A study shows that cases in Europe and threaten year-end festivities are more than five times higher than the risk of a omicron coronavirus variant.
The results of the study by Imperial College London were based on the UK Health Security Agency and National Health Service data on people who tested positive for COVID 19 in a PCR test in England between November 29 and Dec. 11.
The study said that there was no evidence for the risk of hospitalization attendance and symptom status of omicron having different severity from delta. The data on hospitalizations is very limited, it said.
The study, which was dated Dec. 16, found that omicron was associated with a 5.4 fold higher risk of re-infection compared to delta when controlling for vaccine status, age, sex, ethnicity, asymptomatic status, region and specimen date.
Imperial College ICL said in a statement that the study had not yet been peer reviewed by the protection afforded by past infection against omicrons may be as low as 19%.
The researchers found a significant increase in the risk of developing a symptomatic omicron case compared to delta for those who were two or more weeks past their second vaccine dose and two or more weeks past their booster dose.
This translates into vaccine effectiveness of between 0% and 20% after two doses and between 55% and 80% after a booster dose.
Professor Neil Ferguson said in the statement of the ICL that the study provides further evidence of the very substantial extent to which omicrons can evade prior immunity given by both infection or vaccination.
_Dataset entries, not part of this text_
theorem mainTheorem5:
  fixes N Z :: "'a set" and f :: "'a set \<Rightarrow> real" and k :: nat and t_s :: real
    and OPT :: "'a set" and sel :: "nat \<Rightarrow> 'a set \<Rightarrow> 'a set"
  assumes "finite N"
    and "nonneg_on N f" and "submodular_on N f"
    and "0 < k"
    and "0 \<le> t_s" and "t_s \<le> 1"
    and "Z \<subseteq> N"
    and "\<exists>D. D \<subseteq> N - Z \<and> card D \<ge> 2 * k \<and> (\<forall>d\<in>D. dummy_elem N f d)"
    and "OPT \<subseteq> N" and "card OPT \<le> k"
    and "\<forall>T. T \<subseteq> N \<and> card T \<le> k \<longrightarrow> f T \<le> f OPT"
    and "valid_grg_rule N f k (nat \<lceil>t_s * real k\<rceil>) Z sel"
  shows "let c = nat \<lceil>t_s * real k\<rceil>; \<alpha> = 1 - 1 / real k in
    (\<forall>i. 1 \<le> i \<and> i \<le> c \<longrightarrow>
       measure_pmf.expectation (grg sel i) f \<ge>
         (1 - \<alpha> ^ i) * f (OPT - Z)
         - (1 - \<alpha> ^ i - real i / real k * \<alpha> ^ (i - 1)) * f (OPT \<union> Z)
         + \<alpha> ^ i * f {}) \<and>
    (\<forall>i. c + 1 \<le> i \<and> i \<le> k \<longrightarrow>
       measure_pmf.expectation (grg sel i) f \<ge>
         real (i - c) / real k * \<alpha> ^ (i - c - 1) * f OPT
         - real (i - c) / real k * (\<alpha> ^ (i - c - 1) - \<alpha> ^ (i - 1)) * f (OPT \<union> Z))"
proof -
  obtain D where D: "D \<subseteq> N - Z" "2 * k \<le> card D" "\<forall>d\<in>D. dummy_elem N f d"
    using assms(8) by blast
  define c where "c = nat \<lceil>t_s * real k\<rceil>"
  have "c \<le> k"
    using assms(6) mult_right_mono[of t_s 1 "real k"] unfolding c_def by (simp add: ceiling_le)
  then interpret guided_random_greedy N Z f k c sel D
    using assms D unfolding c_def by unfold_locales auto
  show ?thesis
    unfolding Let_def c_def[symmetric]
    using expectation_grg_ge_phase1[OF assms(9,10)] expectation_grg_ge_phase2[OF assms(9,10)] by auto
qed

end
lemma not_will_accept_pair_reordering_instance:
  "p \<in> {0, 1} \<Longrightarrow> a \<noteq> b \<Longrightarrow> \<not> will_accept reordering_instance (Some p) {a, b} \<mu>"
  by (rule not_will_accept_pair_quota_one) auto

lemma assigned_matching3:
  "assigned reordering_instance (matching3 a b c) p =
     (if a = Some p then {0} else {}) \<union> (if b = Some p then {1} else {}) \<union>
     (if c = Some p then {2} else {})"
  by (auto simp: assigned_def matching3_def)

lemma matching_eq_matching3:
  assumes "is_matching I \<mu>" "Docs I = {0, 1, 2}" "Progs I = {0, 1}"
  obtains a b c where "a \<in> {None, Some 0, Some 1}" "b \<in> {None, Some 0, Some 1}"
    "c \<in> {None, Some 0, Some 1}" "\<mu> = matching3 a b c"
proof
  show "\<mu> = matching3 (\<mu> 0) (\<mu> 1) (\<mu> 2)"
    using assms unfolding is_matching_def matching3_def by (intro ext) auto
qed (use assms in \<open>auto simp: is_matching_def\<close>)

lemmas reordering_instance_stability_simps =
  stable_def indiv_rational_def has_blocking_pair_def weakpref_def prefers_iff_precedes
  couple_match_def prog_acceptable_def will_accept_reordering_instance
  not_will_accept_pair_reordering_instance assigned_matching3 is_matching_def

lemma stable_reordering_instance_iff:
  "a \<in> {None, Some 0, Some 1} \<Longrightarrow> b \<in> {None, Some 0, Some 1} \<Longrightarrow> c \<in> {None, Some 0, Some 1} \<Longrightarrow>
   stable reordering_instance (matching3 a b c) \<longleftrightarrow> (a, b, c) = (None, Some 0, Some 1)"
  by (elim insertE; simp add: reordering_instance_stability_simps; simp add: matching3_def)

lemma stable_reordered_instance_iff:
  "a \<in> {None, Some 0, Some 1} \<Longrightarrow> b \<in> {None, Some 0, Some 1} \<Longrightarrow> c \<in> {None, Some 0, Some 1} \<Longrightarrow>
   stable reordered_instance (matching3 a b c) \<longleftrightarrow>
     (a, b, c) = (None, Some 0, Some 1) \<or> (a, b, c) = (Some 0, Some 1, None)"
  by (elim insertE; simp add: reordering_instance_stability_simps; simp add: matching3_def)

lemma unique_stable_reordering_instance:
  "stable reordering_instance \<mu> \<longleftrightarrow> \<mu> = matching3 None (Some 0) (Some 1)"
proof
  assume st: "stable reordering_instance \<mu>"
  then have "is_matching reordering_instance \<mu>"
    by (simp add: stable_def)
  then obtain a b c where "a \<in> {None, Some 0, Some 1}" "b \<in> {None, Some 0, Some 1}"
      "c \<in> {None, Some 0, Some 1}" "\<mu> = matching3 a b c"
    by (rule matching_eq_matching3) auto
  then show "\<mu> = matching3 None (Some 0) (Some 1)"
    using st stable_reordering_instance_iff by simp
qed (simp add: stable_reordering_instance_iff)

lemma resident_optimal_reordered_instance:
  "resident_optimal reordered_instance (matching3 (Some 0) (Some 1) None)"
  unfolding resident_optimal_def
proof (intro conjI allI impI)
  show "stable reordered_instance (matching3 (Some 0) (Some 1) None)"
    by (rule stable_reordered_instance_iff[THEN iffD2]) auto
  fix \<mu>
  assume st: "stable reordered_instance \<mu>"
  then have "is_matching reordered_instance \<mu>"
    by (simp add: stable_def)
  then obtain a b c where "a \<in> {None, Some 0, Some 1}" "b \<in> {None, Some 0, Some 1}"
      "c \<in> {None, Some 0, Some 1}" "\<mu> = matching3 a b c"
    by (rule matching_eq_matching3) auto
  then have "\<mu> = matching3 None (Some 0) (Some 1) \<or> \<mu> = matching3 (Some 0) (Some 1) None"
    using st stable_reordered_instance_iff by auto
  then show "resident_weakly_better reordered_instance (matching3 (Some 0) (Some 1) None) \<mu>"
    by (auto simp: resident_weakly_better_def weakpref_def prefers_iff_precedes couple_match_def
        matching3_def)
qed

lemma reordering_can_be_profitable:
  "\<exists>(I :: (nat, nat) smpc) \<mu>s d l' \<mu>'.
      wf_smpc I \<and> (\<exists>!\<mu>. stable I \<mu>) \<and> stable I \<mu>s \<and> d \<in> Singles I \<and>
      distinct l' \<and> set l' = set (srol I d) \<and>
      resident_optimal (I\<lparr>srol := (srol I)(d := l')\<rparr>) \<mu>' \<and>
      prefers (srol I d) None (\<mu>' d) (\<mu>s d)"
proof (intro exI conjI)
  show "wf_smpc reordering_instance"
    by (rule wf_reordering_instance)
  show "\<exists>!\<mu>. stable reordering_instance \<mu>"
    "stable reordering_instance (matching3 None (Some 0) (Some 1))"
    using unique_stable_reordering_instance by auto
  show "0 \<in> Singles reordering_instance"
    "distinct [Some (0::nat), Some 1]"
    "set [Some (0::nat), Some 1] = set (srol reordering_instance 0)"
    by auto
  show "resident_optimal reordered_instance (matching3 (Some 0) (Some 1) None)"
    by (rule resident_optimal_reordered_instance)
  show "prefers (srol reordering_instance 0) None (matching3 (Some 0) (Some 1) None 0)
      (matching3 None (Some 0) (Some 1) 0)"
    by (simp add: prefers_iff_precedes matching3_def)
qed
Omicron poses a major, imminent threat to public health because of this level of immune evasion. But Dr Clive Dix, a former Chair of the UK Vaccine Taskforce, said it was important not to over-interpret the data.
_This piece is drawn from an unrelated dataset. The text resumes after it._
(* Let $(\mathcal E,B,\mathcal L_{\mathcal P})$ be an epistemic space with $|\mathcal P|\ge 2$, let $\mathcal S$ be a set of agents, and let $\nabla$ be an ES basic fusion operator. If $\nabla$ satisfies (ESF-SD), (ESF-P) and (ESF-I), then $\nabla$ satisfies (ESF-D).
   Context: $\mathcal L_{\mathcal P}$ is the set of propositional formulas over a finite set $\mathcal P$ of variables, $\mathcal W_{\mathcal P}$ its set of valuations (interpretations), and $[\![\phi]\!]$ the set of models of $\phi$. For a nonempty set $M$ of valuations, $\varphi_M$ denotes a formula with $[\![\varphi_M]\!]=M$ (written $\varphi_w$, $\varphi_{w,w'}$, etc.). An epistemic space is a triple $(\mathcal E,B,\mathcal L_{\mathcal P})$ with $\mathcal E$ a nonempty set (of epistemic states) and $B:\mathcal E\to\mathcal L_{\mathcal P}$ a function whose image modulo logical equivalence is exactly the set of consistent formulas modulo equivalence. Agents form a well-ordered set $(\mathcal S,<)$; a society is a nonempty finite $N\subseteq\mathcal S$; an $N$-profile is a function $\Phi:N\to\mathcal E$, with $E_i:=\Phi(i)$; for $N=\{i\}$ the profile is identified with $E_i$ (an $i$-profile). Profiles $\Phi$ on $N=\{i_1<\dots<i_n\}$ and $\Psi$ on $M=\{j_1<\dots<j_m\}$ are equivalent, $\Phi\equiv\Psi$, if $n=m$ and $\Phi(i_k)=\Psi(j_k)$ for all $k$. An ES combination operator $\nabla$ assigns to every profile $\Phi$ (of any society) and every $E\in\mathcal E$ an epistemic state $\nabla(\Phi,E)\in\mathcal E$. It is an ES basic fusion operator if for all profiles $\Phi,\Phi'$ and $E,E',E''\in\mathcal E$: (ESF1) $B(\nabla(\Phi,E))\vdash B(E)$; (ESF2) if $\Phi\equiv\Phi'$ and $B(E)\equiv B(E')$ then $B(\nabla(\Phi,E))\equiv B(\nabla(\Phi',E'))$; (ESF3) if $B(E)\equiv B(E')\wedge B(E'')$ then $B(\nabla(\Phi,E'))\wedge B(E'')\vdash B(\nabla(\Phi,E))$; (ESF4) if $B(E)\equiv B(E')\wedge B(E'')$ and $B(\nabla(\Phi,E'))\wedge B(E'')\nvdash\bot$ then $B(\nabla(\Phi,E))\vdash B(\nabla(\Phi,E'))\wedge B(E'')$. Social postulates: (ESF-SD) for every agent $i$, every three interpretations $w,w',w''$ and every $E_{w,w'},E_{w',w''}\in\mathcal E$ with $[\![B(E_{w,w'})]\!]=\{w,w'\}$, $[\![B(E_{w',w''})]\!]=\{w',w''\}$, each of the following four pairs of conditions is realised by some $i$-profile $E_i$: (i) $B(\nabla(E_i,E_{w,w'}))\equiv\varphi_{w,w'}$ and $B(\nabla(E_i,E_{w',w''}))\equiv\varphi_{w',w''}$; (ii) $\equiv\varphi_{w,w'}$ and $\equiv\varphi_{w'}$; (iii) $\equiv\varphi_w$ and $\equiv\varphi_{w',w''}$; (iv) $\equiv\varphi_w$ and $\equiv\varphi_{w'}$. (ESF-P) for every society $N$, every $N$-profile $\Phi$ and all $E,E'$: if $\bigwedge_{i\in N}B(\nabla(E_i,E))\nvdash\bot$ and $B(\nabla(E_i,E))\wedge B(E')\vdash\bot$ for all $i\in N$, then $B(\nabla(\Phi,E))\wedge B(E')\vdash\bot$. (ESF-I) for every society $N$, all $N$-profiles $\Phi,\Phi'$ and every $E$: if for every $E'$ with $B(E')\vdash B(E)$ one has $B(\nabla(E_j,E'))\equiv B(\nabla(E'_j,E'))$ for all $j\in N$, then $B(\nabla(\Phi,E))\equiv B(\nabla(\Phi',E))$. (ESF-D) for every society $N$ there exists $d_N\in N$ such that for every $N$-profile $\Phi$ and every $E$, $B(\nabla(\Phi,E))\vdash B(\nabla(E_{d_N},E))$. *)

theory Defs
  imports Main "HOL-Library.FuncSet"
begin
The conclusions are based on making assumptions about omicrons where we don't have enough data, Dr Dix said. We don't have any data on the cellular immune response, which is now probably driving the effectiveness of vaccines. This is a crucial missing assumption in the modeling. He said that the conclusions are different from the data emerging from South Africa, where vaccines are holding up well against severe disease and death at present.
He said that there is a lot of uncertainty in these modeled estimates, and we can only be confident about the impact of boosters against omicron when we have another month of real-world data on hospitalization ICU numbers and deaths.
A study by Britain's SIREN looking at reinfection risk in health workers was carried out before omicron and found that a first coronaviruses gave 85% protection from a second for the following six months.
The data analyzed by Imperial College was based on 333,000 cases, including 122,062 of delta and 1,846, which were confirmed as the omicron coronavirus variant through genome sequencing.
The study, co-managed by Imperial College's professor Azra Ghani, described it as essential for modeling the likely future trajectory of the omicron wave and the potential impact of vaccination and other public health interventions. The new findings could lead to tighter restrictions across a number of European countries in a bid to stem the spread of the new variant.